More than the absence of problems

Quality can be defined in many ways: ISO defines quality relative to requirements as a measure of how well the object’s characteristics meet those requirements. Those requirements can be specified (documented) or implied (customary). This has the advantage of making quality more or less measurable, but it has the disadvantage of making it harder to justify improving the product if the (minimum) requirements are met.

In my view, quality is a measure of excellence: it is more than the absence of problems and aims towards the prevention of problems. For example: although it may not be a requirement for my laptop to run 24/7 the software on my laptop should not require me to reboot my laptop every few hours lest my windows stop having borders and my icons no longer show. In practice, however, I do have to reboot this laptop every few hours or my windows will really stop having borders and my icons will really stop showing. That is not true for my other laptop, which runs a different operating system on very similar hardware. Hence, although it may not be a requirement, it is a quality issue in my view.

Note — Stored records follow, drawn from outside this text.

lemma steeper_at_common_bid:
  assumes z: "z \<in> {vl..vh}" and common: "\<beta>1 z = \<beta>2 z"
  shows "f0 z / g1 (\<beta>1 z) < f0 z / g2 (\<beta>2 z)"
proof (cases "z = vl")
  case True
  have "\<theta> * (real n2 - real n1) < 1 * (real n2 - real n1)"
    using n1_less_n2 e1.theta by (intro mult_strict_right_mono) auto
  then have "(real n1 - 1) * (real n2 - \<theta>) < (real n2 - 1) * (real n1 - \<theta>)"
    by (simp add: algebra_simps)
  moreover have "0 < real n1 - \<theta>" "0 < real n2 - \<theta>"
    using n1_less_n2 e1.two_le_n e1.theta by auto
  ultimately have "(real n1 - 1) / (real n1 - \<theta>) < (real n2 - 1) / (real n2 - \<theta>)"
    by (simp add: divide_simps)
  then show ?thesis using e1.bid_slope_vl e2.bid_slope_vl e1.\<beta>_vl e2.\<beta>_vl True by simp
next
  case False
  then have z': "z \<in> {vl<..vh}" using z by auto
  define K where "K = f0 z * (z - \<beta>1 z) * Dp (F0 z) / ((1 - \<theta>) * D (F0 z))"
  have "0 < K"
    using e1.f0_pos[OF z] e1.bid_less_value[OF z'] e1.Dp_pos[OF e1.F0_in_unit[OF z]]
      e1.D_pos e1.F0_pos[OF z'] e1.F0_in_unit[OF z] e1.theta
    by (auto simp: K_def)
  moreover have "f0 z / g1 (\<beta>1 z) = (real n1 - 1) * K" "f0 z / g2 (\<beta>2 z) = (real n2 - 1) * K"
    using e1.bid_slope[OF z'] e2.bid_slope[OF z'] common by (simp_all add: K_def)
  moreover have "(real n1 - 1) * K < (real n2 - 1) * K"
    using \<open>0 < K\<close> n1_less_n2 by (intro mult_strict_right_mono) auto
  ultimately show ?thesis by simp
qed
lemma exists_cube_point_hplus_measures_eq:
  fixes \<mu> :: "'n::finite \<Rightarrow> 'a::euclidean_space measure" and \<psi> :: "real^'n \<Rightarrow> 'a \<times> real"
  assumes cont: "\<And>i. continuous_prob (\<mu> i)" and S_borel: "\<And>i. S i \<in> sets borel"
    and big: "\<And>i. measure (\<mu> i) (S i) \<ge> max (\<alpha> i) (1 - \<alpha> i)"
    and \<psi>_cont: "continuous_on (cbox (-1) 1) \<psi>"
    and \<psi>_nonzero: "\<And>t. t \<in> cbox (-1) 1 \<Longrightarrow> \<psi> t \<noteq> 0"
    and faces: "\<And>t i s. t \<in> cbox (-1) 1 \<Longrightarrow> t $ i = (if s then 1 else -1) \<Longrightarrow>
      \<psi> t \<in> strictly_on_side s (S i)"
  shows "\<exists>t\<in>cbox (-1) 1. \<forall>i. measure (\<mu> i) (hplus (fst (\<psi> t)) (snd (\<psi> t))) = \<alpha> i"
proof -
  define m where "m i p = measure (\<mu> i) (hplus (fst p) (snd p))" for i p
  have prob: "prob_space (\<mu> i)" and sets: "sets (\<mu> i) = sets borel" for i
    using cont by (simp_all add: continuous_prob_def)
  have "continuous_on (cbox (-1) 1) (\<lambda>t. m i (\<psi> t))" for i
  proof (rule continuous_on_compose2[OF _ \<psi>_cont])
    show "continuous_on (- {0}) (m i)"
      unfolding m_def by (intro continuous_at_imp_continuous_on ballI isCont_measure_hplus cont) auto
  qed (use \<psi>_nonzero in auto)
  then have "continuous_on (cbox (-1) 1) (\<lambda>t. \<chi> i. m i (\<psi> t) - \<alpha> i)"
    by (intro continuous_on_vec_lambda continuous_intros)
  moreover have "\<alpha> i \<le> m i (\<psi> t)" if "t \<in> cbox (-1) 1" "t $ i = 1" for t i
  proof -
    have "(fst (\<psi> t), snd (\<psi> t)) \<in> strictly_on_side True (S i)"
      using faces[OF that(1), of i True] that(2) by simp
    then have "measure (\<mu> i) (S i) \<le> m i (\<psi> t)"
      unfolding m_def by (rule measure_le_hplus_if_above[OF prob_space.finite_measure[OF prob] sets])
    then show ?thesis
      using big[of i] by linarith
  qed
  moreover have "m i (\<psi> t) \<le> \<alpha> i" if "t \<in> cbox (-1) 1" "t $ i = -1" for t i
  proof -
    have "(fst (\<psi> t), snd (\<psi> t)) \<in> strictly_on_side False (S i)"
      using faces[OF that(1), of i False] that(2) by simp
    then have "m i (\<psi> t) \<le> 1 - measure (\<mu> i) (S i)"
      unfolding m_def by (rule measure_hplus_le_if_below[OF prob sets S_borel])
    then show ?thesis
      using big[of i] by linarith
  qed
  ultimately have "\<exists>t\<in>cbox (-1) 1. (\<chi> i. m i (\<psi> t) - \<alpha> i) = 0"
    by (intro poincare_miranda_cube) auto
  then show ?thesis
    by (auto simp: m_def vec_eq_iff)
qed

I usually work on systems that have to be able to run 24/7, have to perform their tasks the same way every time, with real-time constraints and without every failing due to the software. Sometimes, hardware imposes serious constraints on the software (or firmware) as well, making it more challenging – and therefore more interesting – to find a satisfactory, high quality solution.

When confronted with existing software that I have to integrate my software with, the challenge becomes manifest as soon as that integration needs to be tested: in order to do that, both softwares (or firmwares) need to be stable and of sufficient quality to be able to work with them. Both also need to be testable: it needs to be possible to devise tests that will have the two systems communicate with each other and, possibly, misbehave towards each other. For example: if system A needs to obtain information from system B, system B may, sometimes, be unreachable, may not respond, may close the connection, etc. Such scenarios, in which system B misbehaves, should not cause system A to misbehave as well. When it does, system A has quality issues that need to be addressed.

Such quality issues are often caused by something other than system B misbehaving: they may be due to a design flaw, or a flaw in the implementation of system A. Even if the use-case of system B misbehaving may be an “invalid” one in that, in real life, it might never happen, the root cause of system A’s failure to continue to function properly cannot be blamed solely on the test scenario. For example: if system B’s dropping a TCP/IP connection causes system A to crash, the answer cannot be “system B shouldn’t drop the connection” – it must be “system A shouldn’t crash”. Similarly, if system B sends commands to system A in rapid and continuous succession and system A succumbs under the pressure, the cause of system A’s failure should be analyzed: the answer should never be an immediate “system B should never do that” – although that might be part of the answer in the end.

Hence, the goal of repairing problems found in testing should not be to allow the test to pass: it should be to find the root cause of the failure and repair that root cause – a process which may include adding more tests to help identify the root cause and help future testing and quality improvement efforts.